YOUR OBJECTIVE. Determine the number of lines in the following entries that hold the word "baseline". Give only that number.

Stored items:
——

lemma integrable_weighted_sigma2:
  "integrable M (\<lambda>x. \<Sum>a\<in>UNIV. p0 x a * ((iw pe p0 x a)\<^sup>2 * sigma2 K x a t))" (is "integrable M ?A")
  and integrable_var_act:
  "integrable M (\<lambda>x. var_act p0 x (\<lambda>a. iw pe p0 x a * surv K x a t))" (is "integrable M ?B")
proof -
  let ?F = "\<lambda>x. \<Sum>a\<in>UNIV. p0 x a * (iw pe p0 x a)\<^sup>2 * surv K x a t / cens K t x a"
  have [measurable]: "(\<lambda>x. sigma2 K x a t) \<in> borel_measurable M" for a
    unfolding sigma2_def by measurable
  have "?A \<in> borel_measurable M"
    by measurable
  moreover have "?B \<in> borel_measurable M"
    unfolding var_act_def by measurable
  moreover have "norm (?A x) \<le> norm (?F x) \<and> norm (?B x) \<le> norm (?F x)" if x: "x \<in> space M" for x
  proof -
    have "0 \<le> ?A x"
      using sigma2_nonneg[OF x] is_policy_nonneg[OF policy_p0 x] by (simp add: sum_nonneg)
    moreover have "0 \<le> ?B x"
      using is_policy_nonneg[OF policy_p0 x] is_policy_sum[OF policy_p0 x] by (rule var_act_nonneg)
    moreover have "?A x + ?B x \<le> ?F x"
      using ips_second_moment_decomposition[OF x] by simp
    ultimately show ?thesis
      by simp
  qed
  ultimately show "integrable M ?A" "integrable M ?B"
    by (auto intro: Bochner_Integration.integrable_bound[OF finite_second_moment])
qed

lemma ips_record_moments:
  "integrable (obs_law M p0 K) (on_record t ips_term)"
  "(\<integral>z. on_record t ips_term z \<partial>obs_law M p0 K) = (\<integral>x. surv_pol pe K x t \<partial>M)"
  "integrable (obs_law M p0 K) (\<lambda>z. (on_record t ips_term z)\<^sup>2)"
  "(\<integral>z. (on_record t ips_term z)\<^sup>2 \<partial>obs_law M p0 K)
     = (\<integral>x. (\<Sum>a\<in>UNIV. p0 x a * ((iw pe p0 x a)\<^sup>2 * sigma2 K x a t)) \<partial>M)
       + (\<integral>x. var_act p0 x (\<lambda>a. iw pe p0 x a * surv K x a t) \<partial>M)
       + (\<integral>x. (surv_pol pe K x t)\<^sup>2 \<partial>M)"
proof -
  show "integrable (obs_law M p0 K) (on_record t ips_term)"
    "(\<integral>z. on_record t ips_term z \<partial>obs_law M p0 K) = (\<integral>x. surv_pol pe K x t \<partial>M)"
    using integral_obs_law_on_record[of ips_term, OF _ ips_term_nonneg mean_given_context_ips
        integrable_surv_pol]
    by simp_all
  have "mean_given_context t (\<lambda>x a b. (ips_term x a b)\<^sup>2) x
      = (\<Sum>a\<in>UNIV. p0 x a * ((iw pe p0 x a)\<^sup>2 * sigma2 K x a t))
        + var_act p0 x (\<lambda>a. iw pe p0 x a * surv K x a t) + (surv_pol pe K x t)\<^sup>2"
    if "x \<in> space M" for x
    using mean_given_context_ips_sq[OF that] ips_second_moment_decomposition[OF that] by simp
  moreover have "integrable M (\<lambda>x. (\<Sum>a\<in>UNIV. p0 x a * ((iw pe p0 x a)\<^sup>2 * sigma2 K x a t))
      + var_act p0 x (\<lambda>a. iw pe p0 x a * surv K x a t) + (surv_pol pe K x t)\<^sup>2)"
    using integrable_weighted_sigma2 integrable_var_act integrable_surv_pol_sq by simp
  ultimately show "integrable (obs_law M p0 K) (\<lambda>z. (on_record t ips_term z)\<^sup>2)"
    "(\<integral>z. (on_record t ips_term z)\<^sup>2 \<partial>obs_law M p0 K)
       = (\<integral>x. (\<Sum>a\<in>UNIV. p0 x a * ((iw pe p0 x a)\<^sup>2 * sigma2 K x a t)) \<partial>M)
         + (\<integral>x. var_act p0 x (\<lambda>a. iw pe p0 x a * surv K x a t) \<partial>M)
         + (\<integral>x. (surv_pol pe K x t)\<^sup>2 \<partial>M)"
    using integral_obs_law_on_record[of "\<lambda>x a b. (ips_term x a b)\<^sup>2"]
      integrable_weighted_sigma2 integrable_var_act integrable_surv_pol_sq
    by (simp_all add: on_record_comp[where f="\<lambda>y. y\<^sup>2"])
qed

lemma on_record_dr_term:
  "on_record t dr_term = (\<lambda>z. on_record t ips_term z + on_record t (\<lambda>x a b. surv_pol pe K x t) z
     - on_record t (\<lambda>x a b. iw pe p0 x a * surv K x a t) z)"
  by (simp add: on_record_def dr_term_def ips_term_def right_diff_distrib fun_eq_iff split: prod.split)

lemma dr_record_moments:
  "integrable (obs_law M p0 K) (on_record t dr_term)"
  "(\<integral>z. on_record t dr_term z \<partial>obs_law M p0 K) = (\<integral>x. surv_pol pe K x t \<partial>M)"
  "integrable (obs_law M p0 K) (\<lambda>z. (on_record t dr_term z)\<^sup>2)"
  "(\<integral>z. (on_record t dr_term z)\<^sup>2 \<partial>obs_law M p0 K)
     = (\<integral>x. (\<Sum>a\<in>UNIV. p0 x a * ((iw pe p0 x a)\<^sup>2 * sigma2 K x a t)) \<partial>M)
       + (\<integral>x. (surv_pol pe K x t)\<^sup>2 \<partial>M)"
proof -
  have "mean_given_context t (\<lambda>x a b. surv_pol pe K x t) x = surv_pol pe K x t"
    if x: "x \<in> space M" for x
    using is_policy_sum[OF policy_p0 x] by (simp add: mean_given_context_const sum_distrib_right[symmetric])
  from integral_obs_law_on_record[OF _ _ this integrable_surv_pol]
  have baseline: "integrable (obs_law M p0 K) (on_record t (\<lambda>x a b. surv_pol pe K x t))"
    "(\<integral>z. on_record t (\<lambda>x a b. surv_pol pe K x t) z \<partial>obs_law M p0 K)
       = (\<integral>x. surv_pol pe K x t \<partial>M)"
    using surv_pol_bounds by auto
  have "mean_given_context t (\<lambda>x a b. iw pe p0 x a * surv K x a t) x = surv_pol pe K x t"
    if x: "x \<in> space M" for x
    using weighted_surv_mean[OF x] by (simp add: mean_given_context_const)
  from integral_obs_law_on_record[OF _ _ this integrable_surv_pol]
  have weighted: "integrable (obs_law M p0 K) (on_record t (\<lambda>x a b. iw pe p0 x a * surv K x a t))"
    "(\<integral>z. on_record t (\<lambda>x a b. iw pe p0 x a * surv K x a t) z \<partial>obs_law M p0 K)
       = (\<integral>x. surv_pol pe K x t \<partial>M)"
    using iw_nonneg surv_bounds by auto
  show "integrable (obs_law M p0 K) (on_record t dr_term)"
    "(\<integral>z. on_record t dr_term z \<partial>obs_law M p0 K) = (\<integral>x. surv_pol pe K x t \<partial>M)"
    using ips_record_moments(1,2) baseline weighted by (simp_all add: on_record_dr_term)
  have "integrable M (\<lambda>x. (\<Sum>a\<in>UNIV. p0 x a * ((iw pe p0 x a)\<^sup>2 * sigma2 K x a t))
      + (surv_pol pe K x t)\<^sup>2)"
    using integrable_weighted_sigma2 integrable_surv_pol_sq by simp
  then show "integrable (obs_law M p0 K) (\<lambda>z. (on_record t dr_term z)\<^sup>2)"
    "(\<integral>z. (on_record t dr_term z)\<^sup>2 \<partial>obs_law M p0 K)
       = (\<integral>x. (\<Sum>a\<in>UNIV. p0 x a * ((iw pe p0 x a)\<^sup>2 * sigma2 K x a t)) \<partial>M)
         + (\<integral>x. (surv_pol pe K x t)\<^sup>2 \<partial>M)"
    using integral_obs_law_on_record[of "\<lambda>x a b. (dr_term x a b)\<^sup>2", OF _ _ mean_given_context_dr_sq]
      integrable_weighted_sigma2 integrable_surv_pol_sq
    by (simp_all add: on_record_comp[where f="\<lambda>y. y\<^sup>2"])
qed

lemma variance_V_ips:
  assumes n: "1 \<le> n"
  shows "real n * prob_space.variance (data_law n M p0 K) (V_ips n pe p0 K t)
    = (\<integral>x. (\<Sum>a\<in>UNIV. p0 x a * ((iw pe p0 x a)\<^sup>2 * sigma2 K x a t)) \<partial>M)
      + (\<integral>x. var_act p0 x (\<lambda>a. iw pe p0 x a * surv K x a t) \<partial>M)
      + variance (\<lambda>x. surv_pol pe K x t)"
proof -
  interpret Q: prob_space "obs_law M p0 K"
    by (rule prob_space_obs_law)
  have "real n * prob_space.variance (data_law n M p0 K) (V_ips n pe p0 K t)
      = Q.variance (on_record t ips_term)"
    unfolding data_law_def V_ips_eq
    using prob_space_obs_law ips_record_moments(1,3) n by (rule variance_sample_mean)
  then show ?thesis
    using Q.variance_eq[OF ips_record_moments(1,3)] ips_record_moments(2,4)
      variance_eq[OF integrable_surv_pol integrable_surv_pol_sq]
    by simp
qed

——

OUTPUT FOR THIS TASK. 2